▶ [REQUIRED WORK]:
In the listing below, a line holding "unfolding win_strat_def" and a line holding "a = h (gclass" mark the range. Retype both exactly, with all lines between them.

▶ [DATA TO USE]:
lemma hom_GG_rel:
  assumes "hom (GG g A) B h" "play g A p" "as \<in> rel A R" "set as \<subseteq> last p"
  shows "map (\<lambda>a. h (gclass g A p a)) as \<in> rel B R"
proof -
  have "map (gclass g A p) as \<in> rel (GG g A) R" using assms(2-4) unfolding rel_GG by blast
  then have "map h (map (gclass g A p) as) \<in> rel B R" using assms(1) unfolding hom_def by blast
  then show ?thesis by (simp add: comp_def)
qed

text \<open>A tuple of \<open>A\<close> meeting the last move need not lie inside it; playing its support as
  the next move realises it in \<open>G A\<close> without changing the classes of the current elements.\<close>
lemma hom_GG_rel_snoc:
  assumes hom: "hom (GG g A) B h" and play: "play g A p" and as: "as \<in> rel A R"
  shows "\<exists>bs \<in> rel B R. \<forall>a \<in> set as \<inter> last p. h (gclass g A p a) \<in> set bs"
proof
  let ?p' = "p @ [set as]"
  have play': "play g A ?p'" using play guarded_rel[OF as] by (rule play_snoc)
  show "map (\<lambda>a. h (gclass g A ?p' a)) as \<in> rel B R" using hom_GG_rel[OF hom play' as] by simp
  show "\<forall>a \<in> set as \<inter> last p. h (gclass g A p a) \<in> set (map (\<lambda>a. h (gclass g A ?p' a)) as)"
  proof
    fix a assume a: "a \<in> set as \<inter> last p"
    then have "(p, a) \<in> fplays g A" using play unfolding fplays_def by simp
    then have "gclass g A ?p' a = gclass g A p a" using gclass_snoc[OF _ play'] a by simp
    then show "h (gclass g A p a) \<in> set (map (\<lambda>a. h (gclass g A ?p' a)) as)"
      using a by (auto intro: image_eqI[where x = a])
  qed
qed

lemma hom_GG_guard_support:
  assumes hom: "hom (GG g A) B h" and play: "play g A p" and supp: "guard_support g A (last p)"
  shows "guard_support g B ((\<lambda>a. h (gclass g A p a)) ` last p)"
proof -
  let ?k = "\<lambda>a. h (gclass g A p a)"
  have fplays: "(p, a) \<in> fplays g A" if "a \<in> last p" for a
    using play that unfolding fplays_def by simp
  have "?k ` last p \<subseteq> univ B"
    using hom gclass_in_univ_GG[OF fplays] unfolding hom_def by blast
  moreover have "?k ` last p \<noteq> {}" "finite (?k ` last p)"
    using supp unfolding guard_support_def by auto
  moreover have "case g of
        Atom \<Rightarrow> (\<forall>b\<in>?k ` last p. \<forall>b'\<in>?k ` last p. b = b')
      | Loose \<Rightarrow> (\<forall>b\<in>?k ` last p. \<forall>b'\<in>?k ` last p. b \<noteq> b' \<longrightarrow>
                   (\<exists>R. \<exists>bs \<in> rel B R. set bs \<subseteq> ?k ` last p \<and> b \<in> set bs \<and> b' \<in> set bs))
      | Clique \<Rightarrow> (\<forall>b\<in>?k ` last p. \<forall>b'\<in>?k ` last p. b \<noteq> b' \<longrightarrow>
                   (\<exists>R. \<exists>bs \<in> rel B R. b \<in> set bs \<and> b' \<in> set bs))"
  proof (cases g)
    case Atom
    then show ?thesis using supp unfolding guard_support_def by auto
  next
    case Loose
    have "\<exists>R. \<exists>bs \<in> rel B R. set bs \<subseteq> ?k ` last p \<and> ?k a \<in> set bs \<and> ?k a' \<in> set bs"
      if aa': "a \<in> last p" "a' \<in> last p" "?k a \<noteq> ?k a'" for a a'
    proof -
      have "a \<noteq> a'" using aa'(3) by auto
      obtain R as where as: "as \<in> rel A R" "set as \<subseteq> last p" "a \<in> set as" "a' \<in> set as"
        using supp Loose aa'(1,2) \<open>a \<noteq> a'\<close> unfolding guard_support_def by (simp, blast)
      then show ?thesis using hom_GG_rel[OF hom play as(1,2)] by (intro exI bexI[of _ "map ?k as"]) auto
    qed
    then show ?thesis using Loose by auto
  next
    case Clique
    have "\<exists>R. \<exists>bs \<in> rel B R. ?k a \<in> set bs \<and> ?k a' \<in> set bs"
      if aa': "a \<in> last p" "a' \<in> last p" "?k a \<noteq> ?k a'" for a a'
    proof -
      have "a \<noteq> a'" using aa'(3) by auto
      obtain R as where as: "as \<in> rel A R" "a \<in> set as" "a' \<in> set as"
        using supp Clique aa'(1,2) \<open>a \<noteq> a'\<close> unfolding guard_support_def by (simp, blast)
      then show ?thesis using hom_GG_rel_snoc[OF hom play as(1)] aa'(1,2) by blast
    qed
    then show ?thesis using Clique by auto
  qed
  ultimately show ?thesis unfolding guard_support_def by (intro conjI)
qed

lemma gclass_snoc_image:
  assumes "play g A p" "play g A (p @ [X])" "last p \<subseteq> X"
  shows "(\<lambda>a. f (gclass g A p a)) ` last p \<subseteq> (\<lambda>a. f (gclass g A (p @ [X]) a)) ` X"
proof
  fix b assume "b \<in> (\<lambda>a. f (gclass g A p a)) ` last p"
  then obtain a where a: "a \<in> last p" "b = f (gclass g A p a)" by blast
  moreover have "(p, a) \<in> fplays g A" using assms(1) a(1) unfolding fplays_def by simp
  moreover have "a \<in> X" using assms(3) a(1) by blast
  ultimately have "b = f (gclass g A (p @ [X]) a)" "a \<in> X" using gclass_snoc[OF _ assms(2)] by simp_all
  then show "b \<in> (\<lambda>a. f (gclass g A (p @ [X]) a)) ` X" by blast
qed

lemma hom_GG_guarded:
  assumes hom: "hom (GG g A) B h" and play: "play g A p"
  shows "guarded g B ((\<lambda>a. h (gclass g A p a)) ` last p)"
proof -
  have "guarded g A (last p)" using play unfolding play_def by simp
  then consider (tuple) R as where "as \<in> rel A R" "last p \<subseteq> set as"
    | (support) Y where "last p \<subseteq> Y" "guard_support g A Y"
    unfolding guarded_iff by blast
  then show ?thesis
  proof cases
    case tuple
    then obtain bs where "bs \<in> rel B R" "\<forall>a \<in> last p. h (gclass g A p a) \<in> set bs"
      using hom_GG_rel_snoc[OF hom play tuple(1)] by blast
    then show ?thesis by (blast intro: guarded_subset[OF guarded_rel])
  next
    case support
    let ?p' = "p @ [Y]"
    have "guarded g A Y" using support(2) unfolding guarded_iff by blast
    then have play': "play g A ?p'" using play by (intro play_snoc)
    have "guard_support g B ((\<lambda>a. h (gclass g A ?p' a)) ` Y)"
      using hom_GG_guard_support[OF hom play'] support(2) by simp
    moreover have "(\<lambda>a. h (gclass g A p a)) ` last p \<subseteq> (\<lambda>a. h (gclass g A ?p' a)) ` Y"
      using gclass_snoc_image[OF play play' support(1)] .
    ultimately show ?thesis unfolding guarded_iff by blast
  qed
qed

lemma win_strat_strat_of_hom:
  assumes hom: "hom (GG g A) B h"
  shows "win_strat g A B (strat_of_hom g A h)"
  unfolding win_strat_def
proof (intro conjI allI impI)
  fix p a assume "(p, a) \<notin> fplays g A"
  then show "strat_of_hom g A h p a = undefined" unfolding strat_of_hom_def by simp
next
  fix p assume play: "play g A p"
  have last: "strat_of_hom g A h p a = h (gclass g A p a)" if "a \<in> last p" for a
    using play that unfolding strat_of_hom_def fplays_def by simp
  have "partial_hom A B (last p) ((\<lambda>a. h (gclass g A p a)) ` last p) (strat_of_hom g A h p)"
    unfolding partial_hom_def
  proof (intro conjI allI ballI impI)
    show "strat_of_hom g A h p ` last p \<subseteq> (\<lambda>a. h (gclass g A p a)) ` last p"
      using last by auto
    fix R as assume as: "as \<in> rel A R" "set as \<subseteq> last p"
    then have map_eq: "map (strat_of_hom g A h p) as = map (\<lambda>a. h (gclass g A p a)) as"
      using last by (intro map_cong) auto
    show "map (strat_of_hom g A h p) as \<in> rel B R"
      unfolding map_eq by (rule hom_GG_rel[OF hom play as])
  qed
  then show "\<exists>Y. guarded g B Y \<and> partial_hom A B (last p) Y (strat_of_hom g A h p)"
    using hom_GG_guarded[OF hom play] by blast
next
  fix p q X assume "play g A p" and pq: "p = q @ [X] \<and> q \<noteq> []"
  then have play: "play g A (q @ [X])" "play g A q" using play_butlast by auto
  show "\<forall>a \<in> X \<inter> last q. strat_of_hom g A h p a = strat_of_hom g A h q a"
  proof
    fix a assume a: "a \<in> X \<inter> last q"
    then have "(q, a) \<in> fplays g A" "(q @ [X], a) \<in> fplays g A"
      using play unfolding fplays_def by auto
    then show "strat_of_hom g A h p a = strat_of_hom g A h q a"
      using gclass_snoc[of q a g A X] play(1) a pq unfolding strat_of_hom_def by simp
  qed
qed

lemma hom_hom_of_strat:
  assumes wf: "wf_struc ar B" and strat: "win_strat g A B s"
  shows "hom (GG g A) B (hom_of_strat g A s)"
  unfolding hom_def
proof (intro conjI allI ballI subsetI)
  have on_class: "hom_of_strat g A s (gclass g A p a) = s p a" if "(p, a) \<in> fplays g A" for p a
    using hom_of_strat_gclass[OF win_strat_respects[OF strat] that] .
  {
    fix b assume "b \<in> hom_of_strat g A s ` univ (GG g A)"
    then obtain p a where pa: "(p, a) \<in> fplays g A" "b = s p a"
      using on_class by (auto elim: univ_GG_cases)
    then have "play g A p" "a \<in> last p" unfolding fplays_def by auto
    moreover obtain Y where "guarded g B Y" "partial_hom A B (last p) Y (s p)"
      using win_strat_partial_hom[OF strat \<open>play g A p\<close>] by blast
    ultimately show "b \<in> univ B"
      using pa(2) guarded_subset_univ[OF wf] unfolding partial_hom_def by blast
  }
  fix R t assume "t \<in> rel (GG g A) R"
  then obtain p as where t: "t = map (gclass g A p) as" "play g A p" "as \<in> rel A R" "set as \<subseteq> last p"
    unfolding rel_GG by blast
  then have "map (hom_of_strat g A s) t = map (s p) as"
    using on_class unfolding fplays_def by auto
  moreover obtain Y where "partial_hom A B (last p) Y (s p)"
    using win_strat_partial_hom[OF strat t(2)] by blast
  ultimately show "map (hom_of_strat g A s) t \<in> rel B R"
    using t(3,4) unfolding partial_hom_def by simp
qed

theorem theorem3p7:
  fixes g :: guarding and ar :: "'r \<Rightarrow> nat"
    and A :: "('r, 'a) struc" and B :: "('r, 'b) struc"
  assumes "wf_struc ar A" and "wf_struc ar B"
  shows "bij_betw (\<lambda>h p a. if (p, a) \<in> fplays g A then h (gclass g A p a) else undefined)
                  {h. h \<in> extensional (univ (GG g A)) \<and> hom (GG g A) B h}
                       {s. win_strat g A B s}
         \<and> (guarded_sim g A B \<longleftrightarrow> (\<exists>h. hom (GG g A) B h))"
proof
  have "bij_betw (strat_of_hom g A) {h. h \<in> extensional (univ (GG g A)) \<and> hom (GG g A) B h}
                                    {s. win_strat g A B s}"
    by (rule bij_betw_byWitness[where f' = "hom_of_strat g A"])
      (auto simp: hom_of_strat_strat_of_hom strat_of_hom_hom_of_strat win_strat_strat_of_hom
        hom_of_strat_extensional hom_hom_of_strat[OF assms(2)])
  then show "bij_betw (\<lambda>h p a. if (p, a) \<in> fplays g A then h (gclass g A p a) else undefined)
                  {h. h \<in> extensional (univ (GG g A)) \<and> hom (GG g A) B h}
                       {s. win_strat g A B s}"
    unfolding strat_of_hom_def[abs_def] .
  show "guarded_sim g A B \<longleftrightarrow> (\<exists>h. hom (GG g A) B h)"
    unfolding guarded_sim_def
    using hom_hom_of_strat[OF assms(2)] win_strat_strat_of_hom by blast
qed

end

▶ [COMPLETED EXERCISE]:
  unfolding win_strat_def
proof (intro conjI allI impI)
  fix p a assume "(p, a) \<notin> fplays g A"
  then show "strat_of_hom g A h p a = undefined" unfolding strat_of_hom_def by simp
next
  fix p assume play: "play g A p"
  have last: "strat_of_hom g A h p a = h (gclass g A p a)" if "a \<in> last p" for a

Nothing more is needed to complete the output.